Todos admitiam que Thâmyr era um excelente viajante. Não à toa seu tutor lhe dera o título de Errante do Oeste, talvez o associando à alguma marcantes estrela que nascia ao Oeste. Conhecia as constelações e as usava de orientação, e mesmo no deserto monótono sem pontos de referências ou estradas, o grupo nunca se perdia. Imyram ainda estava longe de se guiar com tanta precisão apenas espiando os astros, o que seria fundamental para que ele se tornasse mestre um dia.

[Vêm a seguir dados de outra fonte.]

lemma Dit_visited_sign:
  assumes "Ps \<noteq> []" "\<forall>P\<in>set Ps. P 0 = v" "v \<noteq> r"
  shows "(-1) ^ length Ps * Dit Ps (\<lambda>y. if visited_by r t w y then 1 else 0) c \<le> 0"
proof -
  let ?h = "\<lambda>y. if visited_by r t w y then 0 else 1 :: real"
  have "Dit Ps (\<lambda>y. if visited_by r t w y then 1 else 0) c = Dit Ps (\<lambda>y. 1 - ?h y) c"
    by (rule arg_cong[where f="\<lambda>g. Dit Ps g c"]) auto
  also have "\<dots> = - (?h c * (\<Prod>P\<leftarrow>Ps. ?h (sigma P c) - 1))"
    using assms by (simp add: Dit_const_diff Dit_unvisited_eq_prod_list)
  finally have "(-1) ^ length Ps * Dit Ps (\<lambda>y. if visited_by r t w y then 1 else 0) c =
      - (?h c * ((-1) ^ length Ps * (\<Prod>P\<leftarrow>Ps. ?h (sigma P c) - 1)))"
    by (simp add: algebra_simps)
  moreover have "0 \<le> (-1) ^ length Ps * (\<Prod>P\<leftarrow>Ps. ?h (sigma P c) - 1)"
    by (rule sign_prod_list_minus_one) auto
  ultimately show ?thesis by simp
qed

lemma cond_i_visited_count: "1 \<le> m \<Longrightarrow> cond_i r m (visited_count r t A)"
  unfolding cond_i_def common_start_def
proof (intro allI impI)
  fix c Ps
  assume "1 \<le> m" "length Ps = m" "\<exists>v. v \<noteq> r \<and> (\<forall>P\<in>set Ps. P 0 = v)"
    and fin: "all_finite (visited_count r t A) c Ps"
  then obtain v where v: "v \<noteq> r" "\<forall>P\<in>set Ps. P 0 = v" and "Ps \<noteq> []" by force
  define F where "F = {w\<in>A. visited_by r t w (fold sigma Ps c)}"
  have "finite F"
    using fin[unfolded all_finite_def, rule_format, of "{..<length Ps}"]
      visited_count_eq_top_iff[of r t A "fold sigma Ps c"]
    by (simp add: F_def nths_all)
  have "enn2real (visited_count r t A (fold sigma (nths Ps I) c)) =
      (\<Sum>w\<in>F. if visited_by r t w (fold sigma (nths Ps I) c) then 1 else 0)" for I
    using \<open>finite F\<close>
    by (intro enn2real_visited_count)
      (auto simp: F_def intro: visited_by_fold_sigma_mono[OF v(2,1) set_nths_subset])
  then have "Dit Ps (\<lambda>y. enn2real (visited_count r t A y)) c =
      (\<Sum>w\<in>F. Dit Ps (\<lambda>y. if visited_by r t w y then 1 else 0) c)"
    by (simp add: Dit_cong[where g'="\<lambda>y. \<Sum>w\<in>F. if visited_by r t w y then 1 else 0"] Dit_sum)
  then have "(-1) ^ m * Dit Ps (\<lambda>y. enn2real (visited_count r t A y)) c =
      (\<Sum>w\<in>F. (-1) ^ length Ps * Dit Ps (\<lambda>y. if visited_by r t w y then 1 else 0) c)"
    by (simp add: sum_distrib_left \<open>length Ps = m\<close>)
  also have "\<dots> \<le> 0"
    using \<open>Ps \<noteq> []\<close> v by (intro sum_nonpos Dit_visited_sign) auto
  finally show "(-1) ^ m * Dit Ps (\<lambda>y. enn2real (visited_count r t A y)) c \<le> 0" .
qed

lemma reach_mono_counts:
  "reach r eta S x n \<Longrightarrow> (\<And>w. eta w \<le> eta' w) \<Longrightarrow> reach r eta' S x n"
proof (induction rule: reach.induct)
  case (start j)
  show ?case by (rule reach.start)
next
  case (step v s i j)
  then show ?case by (metis reach.step order_trans)
qed

lemma reach_eventually:
  "reach r eta S x n \<Longrightarrow> (\<And>w. eventually (\<lambda>k. etas k w = eta w) sequentially)
    \<Longrightarrow> eventually (\<lambda>k. reach r (etas k) S x n) sequentially"
proof (induction rule: reach.induct)
  case (start j)
  show ?case by (intro always_eventually allI) (rule reach.start)
next
  case (step v s i j)
  have "eventually (\<lambda>k. reach r (etas k) S v s \<and> etas k v = eta v) sequentially"
    using step.IH step.prems by (intro eventually_conj) auto
  then show ?case
    by eventually_elim (use step.hyps in \<open>auto intro: reach.step\<close>)
qed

Antes de prosseguir, necessitavam reabastecer os suprimentos dos alforjes, e os poakes também mereciam um descanso apropriado, por isso deixaram eles em um estábulo em uma das cidades menores dos Ermos Assolados. Os animais repousaram bem por aquela noite.

Aquela, contudo, não era uma cidade aleatória.

O grupo atravessou pelas ruelas pacatas ladeadas por residências e comércios locais. Yîarien sentia-se dentro de uma versão miniatura de Kathamûl, pelas estruturas seguirem o mesmo padrão. Provavelmente ali também fosse uma "típica cidade k'ammuriana".

A noite só iniciara, as atividades agrícolas terminavam ao redor do povoado para se ocuparem com funções noturnas. Fazendeiros se recolhiam para suas moradas, mas alguns moradores — e principalmente mercenários ociosos e mercadores — optavam por encher as estalagens, e para um desses estabelecimentos rumaram. O calor do dia amenizara drasticamente a partir do momento que Wym'rú se recolheu além do horizonte.

— Existe uma razão para essa província ser conhecida como Ermos Assolados ou simplesmente dão nomes que fiquem bem nos mapas? — a guardiã perguntou para Thâmyr. Wanäe beirava entre humor e provocação com essas perguntas, que, no final, eram sinceras.

O Errante não se incomodava. Até se entretinha com isso.

— Olhe ao redor — ele abriu os braços, indicado os arredores. — Estamos caminhando entre os resquícios do reino de K'ammur. Destroços que perduraram menos que as ruínas dos Antigos e que nesse ritmo perdurarão menos ainda. — Não soava trágico, pois falava com neutralidade. — Mas sim, devem ter nomeado para intimidar aventureiros, afinal, essa província é assim conhecida desde os primórdios. E agora mais do que nunca faz sentido.

Imyram trazia o mago por uma corda presa às amarras dos pulsos. A boca não estava mais com a mordaça para calá-lo — o seuriano desistira de proferir insultos e se mantinha na quietude. Os que vissem a cena poderiam interpretar como um escravo, mas também como um criminoso e era como essa segunda imagem que esperavam passar dentro da cidade para que não fossem parados e questionados.